Based on this table: - Calculate the success rate (quit + reduced) for men and women separately - Do men and women appear to respond differently to the program? - What additional analysis might you want to see?

Question 10: Putting It All Together - Mini Research Proposal

Dr. Martinez asks you to design a small study to investigate whether a new school-based nutrition education program improves children’s fruit and vegetable consumption.

Write a brief research proposal (300-400 words total) that includes:

a. Research question

State a clear, specific research question.

b. Study design

Describe your study design, making sure to include: - How you will use random assignment - What your control group will be - Any blinding procedures - How you will ensure replication

c. Data collection

What data will you collect?
How will you avoid bias in data collection?
What potential confounding variables should you consider?

d. Data analysis plan

What summary statistics will you calculate?
What visualizations will you create?
How will you compare the treatment and control groups?

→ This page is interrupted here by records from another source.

lemma modulus_smoothness_inv_bounds:
  assumes "\<exists>u::'a::real_normed_vector. u \<noteq> 0" and "0 < c"
  shows "0 < modulus_smoothness_inv TYPE('a) c" and "modulus_smoothness_inv TYPE('a) c \<le> 1 + c"
proof -
  let ?\<tau> = "modulus_smoothness_inv TYPE('a) c"
  have "?\<tau> \<noteq> 0"
  proof
    assume "?\<tau> = 0"
    then show False
      using modulus_smoothness_inv_eq[OF assms] modulus_smoothness_0[OF assms(1)] assms(2) by simp
  qed
  then show "0 < ?\<tau>"
    using modulus_smoothness_inv_nonneg[OF assms] by simp
  show "?\<tau> \<le> 1 + c"
    using abs_minus_one_le_modulus_smoothness[OF assms(1), of ?\<tau>]
    unfolding modulus_smoothness_inv_eq[OF assms] by simp
qed

lemma norm_add_plus_norm_diff_le:
  fixes u v :: "'a::real_normed_vector"
  assumes "u \<noteq> 0"
  shows "norm (u + v) + norm (u - v) \<le> 2 * norm u * (1 + modulus_smoothness TYPE('a) (norm v / norm u))"
proof (cases "v = 0")
  case True
  have "\<exists>w::'a. w \<noteq> 0" using assms by blast
  with True show ?thesis by (simp add: modulus_smoothness_0)
next
  case False
  let ?t = "norm v / norm u"
  have "u + v = norm u *\<^sub>R (sgn u + ?t *\<^sub>R sgn v)" "u - v = norm u *\<^sub>R (sgn u - ?t *\<^sub>R sgn v)"
    using assms False by (simp_all add: sgn_div_norm algebra_simps)
  then have "norm (u + v) = norm u * norm (sgn u + ?t *\<^sub>R sgn v)"
    and "norm (u - v) = norm u * norm (sgn u - ?t *\<^sub>R sgn v)"
    by (metis norm_scaleR abs_norm_cancel)+
  then have "norm (u + v) + norm (u - v)
      = 2 * norm u * ((norm (sgn u + ?t *\<^sub>R sgn v) + norm (sgn u - ?t *\<^sub>R sgn v)) / 2)"
    by (simp add: algebra_simps)
  also have "\<dots> \<le> 2 * norm u * (1 + modulus_smoothness TYPE('a) ?t)"
  proof (rule mult_left_mono)
    show "(norm (sgn u + ?t *\<^sub>R sgn v) + norm (sgn u - ?t *\<^sub>R sgn v)) / 2
        \<le> 1 + modulus_smoothness TYPE('a) ?t"
      using modulus_smoothness_ge[of "sgn u" "sgn v" ?t] assms False by (simp add: norm_sgn) argo
  qed simp
  finally show ?thesis .
qed

lemma norm_diff_le_diameter_convex_hull:
  fixes S :: "'a::real_normed_vector set"
  assumes "bounded S" "y \<in> S" "a \<in> convex hull S"
  shows "norm (y - a) \<le> diameter S"
proof -
  have "S \<subseteq> cball y (diameter S)"
    using diameter_bounded_bound[OF assms(1,2)] by (auto simp: subset_eq)
  then have "convex hull S \<subseteq> cball y (diameter S)"
    by (intro hull_minimal convex_cball)
  then show ?thesis
    using assms(3) by (auto simp: dist_norm)
qed

lemma convex_combination_exists_le:
  fixes f w :: "'b \<Rightarrow> real"
  assumes "finite T" "\<forall>z\<in>T. 0 \<le> w z" "sum w T = 1"
  shows "\<exists>z\<in>T. f z \<le> (\<Sum>z\<in>T. w z * f z)"
proof -
  have "T \<noteq> {}" using assms(3) by auto
  then have "Min (f ` T) \<in> f ` T" using assms(1) by simp
  then obtain z where z: "z \<in> T" "f z = Min (f ` T)" by auto
  have "f z = (\<Sum>y\<in>T. w y * f z)" using assms(3) by (simp add: sum_distrib_right[symmetric])
  also have "\<dots> \<le> (\<Sum>y\<in>T. w y * f y)"
    using assms(1,2) z(2) by (intro sum_mono mult_left_mono) auto
  finally show ?thesis using z(1) by blast
qed

lemma convex_hull_smoothness_step:
  fixes S :: "'a::real_normed_vector set"
  assumes "a \<in> convex hull S" "r \<noteq> 0" "\<And>y. y \<in> S \<Longrightarrow> norm (y - a) \<le> D"
  shows "\<exists>s\<in>S. norm (r + (s - a)) \<le> norm r * (1 + 2 * modulus_smoothness TYPE('a) (D / norm r))"
proof -
  obtain T w where T: "finite T" "T \<subseteq> S" "\<forall>y\<in>T. 0 \<le> w y" "sum w T = 1" "(\<Sum>y\<in>T. w y *\<^sub>R y) = a"
    using assms(1) unfolding convex_hull_explicit by blast
  let ?R = "modulus_smoothness TYPE('a) (D / norm r)"
  let ?C = "2 * norm r * (1 + ?R)"
  \<comment> \<open>The terms \<open>\<parallel>r - (y - a)\<parallel>\<close> average to at least \<open>\<parallel>r\<parallel>\<close>, because their arguments average to \<open>r\<close>.\<close>
  have "(\<Sum>y\<in>T. w y *\<^sub>R (r - (y - a))) = (sum w T) *\<^sub>R (r + a) - (\<Sum>y\<in>T. w y *\<^sub>R y)"
    by (simp add: algebra_simps scaleR_sum_left sum_subtractf sum.distrib)
  also have "\<dots> = r" using T(4,5) by simp
  finally have "norm r \<le> (\<Sum>y\<in>T. norm (w y *\<^sub>R (r - (y - a))))"
    by (metis norm_sum)
  also have "\<dots> = (\<Sum>y\<in>T. w y * norm (r - (y - a)))"
    using T(3) by (intro sum.cong) auto
  finally have lower: "norm r \<le> (\<Sum>y\<in>T. w y * norm (r - (y - a)))" .
  have pointwise: "norm (r + (y - a)) \<le> ?C - norm (r - (y - a))" if "y \<in> T" for y
  proof -
    have "norm (y - a) / norm r \<le> D / norm r"
      using assms(3)[of y] that T(2) by (intro divide_right_mono) auto
    then have "modulus_smoothness TYPE('a) (norm (y - a) / norm r) \<le> ?R"
      using assms(2) by (intro modulus_smoothness_mono) auto
    with norm_add_plus_norm_diff_le[OF assms(2), of "y - a"] show ?thesis
      by (smt (verit) mult_left_mono norm_ge_zero)
  qed
  have "(\<Sum>y\<in>T. w y * norm (r + (y - a))) \<le> (\<Sum>y\<in>T. w y * (?C - norm (r - (y - a))))"
    using T(3) pointwise by (intro sum_mono mult_left_mono) auto
  also have "\<dots> = ?C - (\<Sum>y\<in>T. w y * norm (r - (y - a)))"
    using T(4) by (simp add: right_diff_distrib sum_subtractf sum_distrib_right[symmetric])
  also have "\<dots> \<le> norm r * (1 + 2 * ?R)"
    using lower by (simp add: algebra_simps)
  finally show ?thesis
    using convex_combination_exists_le[OF T(1,3,4), of "\<lambda>y. norm (r + (y - a))"] T(2)
    by (meson order_trans subsetD)
qed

💭 Question 11: Detective’s Reflection

Reflect on your public health investigation (5-7 sentences):

Why is random assignment so important in health studies?
How can bias in data collection lead to incorrect public health conclusions?
What’s the difference between describing a single variable (like blood pressure) versus exploring relationships between two variables (like exercise and heart rate)?
Which summary statistic (mean, median, mode, standard deviation, IQR) do you think is most useful for public health decisions? Why?
Name one specific way that understanding data visualization could help improve community health programs.
What surprised you most about evaluating study designs?

📊 Submission Instructions

Submit your assignment as: 1. A PDF or Google Doc containing all written (by hand) answers, no need to include the screenshots, if needed, you can sketch the image you obtained in Google Sheets.

🎉 Excellent work, Statistical Detective! The Public Health Department thanks you for your thorough analysis!

Remember: Good public health decisions require good data, collected carefully, and analyzed thoughtfully. Your work matters!